The IDS 2012 dataset contains fewer types of attack traffic, and the effectiveness of the MFVT model and the data processing algorithm CPR are demonstrated to be not generalizable on this dataset only. So, ablation experiments also were performed on the more complex IDS 2017 dataset. Figures 7 and 8 are the results of the ablation experiment, from which it can be seen that the accuracy, recall, F1-score and accuracy of the MFVT model and the combination of MFVT model and CPR algorithm all reached nearly 100%, which was significantly better than other comparison models. Figure 7 shows that the detection results obtained by MFVT model and the combination of MFVT model and CPR algorithm are close to 100% in the evaluation criteria, which is significantly better than other comparison models. The comparison of the FPR between the MFVT model and other comparison models is shown in Fig. 8, from which it can be seen that the MFVT model is still the best. Combined with Fig. 5a and Table 5(experimental results of DDos, Hulk and Portscan, which account for a large proportion of attacks, have been marked in bold), it can be concluded that the MFVT model combined with the CPR algorithm has a better ability to recognize small samples.

Fig. 8
figure 8

The result of FPR

Table 5 Performance of MFVT(CPR) in the IDS 2017 dataset

To further demonstrate the error of the prediction results of the MFVT model proposed in this paper combined with CPR, the experimental results were made into the heat map shown in Fig. 9. From the heat map, the performance of the MFVT model combined with CPR is very high, and the prediction error rate is extremely low.

Fig. 9
figure 9

Heat map of prediction results of MFVT model combined with CPR algorithm

To verify that the MFVT model can reduce the sample resources required for training, we tested it on the IDS 2017 dataset by reducing the training set data volume according to Formula 27 with all other conditions held constant, \(data_0\) is the initial assigned training set data volume, \(data_n\) is the updated data volume, and n is taken according to Formula 28, where \(n_0\) is the initial value of n equal to 0.9, and N takes values in the range of 1–7. Table 6 shows the test results.

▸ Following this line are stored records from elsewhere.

lemma expected_vaoi_relay_Suc:
  assumes i: "i \<in> {1..N}"
  shows "expected_vaoi pol (Suc i) (Suc t) =
    (1 - \<rho> i) * expected_vaoi pol (Suc i) t + (\<rho> i * expected_vaoi pol i t + pg)"
proof -
  have V: "determined_by (history t (Suc i)) (vaoi pol X (Suc i) t)"
      "determined_by (history t (Suc i)) (vaoi pol X i t)"
    by (auto intro: determined_by_vaoi)
  have "expected_vaoi pol (Suc i) (Suc t) = expected_vaoi pol (Suc i) t + pg * integral\<^sup>L M (\<lambda>_. 1)
      + \<rho> i * integral\<^sup>L M (\<lambda>\<omega>. vaoi pol X i t \<omega> - vaoi pol X (Suc i) t \<omega>) + pg * \<rho> i * integral\<^sup>L M (\<lambda>_. 0)"
    unfolding expected_vaoi_def
    by (rule integral_next_slot[OF finite_history history_notin(1,3) _ V(1) determined_by_const
          determined_by_compose2[OF V(2) V(1)] determined_by_const])
      (use i in \<open>auto simp: vaoi_eq_vaoi_nat vaoi_nat_relay_Suc of_bool_def\<close>)
  then show ?thesis
    by (simp add: expected_vaoi_def integrable_vaoi prob_space algebra_simps)
qed

lemma cesaro_expected_vaoi_relay:
  assumes L: "cesaro_mean (expected_vaoi pol 1) \<longlonglongrightarrow> L" and n: "n \<le> N"
  shows "cesaro_mean (expected_vaoi pol (Suc n)) \<longlonglongrightarrow> L + pg * (\<Sum>i = 1..n. 1 / \<rho> i)"
  using n
proof (induction n)
  case 0
  then show ?case using L by simp
next
  case (Suc n)
  have \<rho>: "0 < \<rho> (Suc n)" "\<rho> (Suc n) \<le> 1"
    using \<rho> Suc.prems by auto
  have step: "expected_vaoi pol (Suc (Suc n)) (Suc t) = (1 - \<rho> (Suc n)) *
      expected_vaoi pol (Suc (Suc n)) t + (\<rho> (Suc n) * expected_vaoi pol (Suc n) t + pg)" for t
    using expected_vaoi_relay_Suc Suc.prems by simp
  have "cesaro_mean (expected_vaoi pol (Suc (Suc n))) \<longlonglongrightarrow>
      (\<rho> (Suc n) * (L + pg * (\<Sum>i = 1..n. 1 / \<rho> i)) + pg) / (1 - (1 - \<rho> (Suc n)))"
    using \<rho> Suc by (intro cesaro_mean_linear_recurrence[OF _ _ expected_vaoi_0 step]
        tendsto_cesaro_mean_affine) auto
  moreover have "(\<rho> (Suc n) * (L + pg * (\<Sum>i = 1..n. 1 / \<rho> i)) + pg) / (1 - (1 - \<rho> (Suc n))) =
      L + pg * (\<Sum>i = 1..Suc n. 1 / \<rho> i)"
    using \<rho> by (simp add: field_simps)
  ultimately show ?case by simp
qed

$$\begin{aligned} \mathrm{Data}_{n}= & {} (1-0.1 * n) * \mathrm{data}_{0} \end{aligned}$$
$$\begin{aligned} n= & {} n_{0}-0.1 N \end{aligned}$$
Table 6 Test results-% of original training data

As can be seen from Fig. 10, when the training set data amount is reduced to 80% of the original training set data amount, the impact on the overall accuracy of the test set is very small. Through this experiment, it is proved that the MFVT model combined with CPR algorithm can effectively reduce the training resources and maintain the accuracy of the test set as much as possible.

Fig. 10
figure 10

Experimental results for different training set data amounts

Fig. 11
figure 11

Experimental results. Blue represents MFVT, red represents accuracy MFVT change lr

4.4.3 Optimization of MFVT model

In the conclusion of this section, it is hoped to further improve the detection accuracy and the stability of the model by increasing the training epochs and continuously adjusting the learning rate (lr) during the training process. Thus, IDS 2012 is used as the ablation experiment dataset, which takes less time to train than IDS 2017.Two sets of experiments were conducted. In the first group, our model was trained 1,000 times and the results were recorded every 100 times.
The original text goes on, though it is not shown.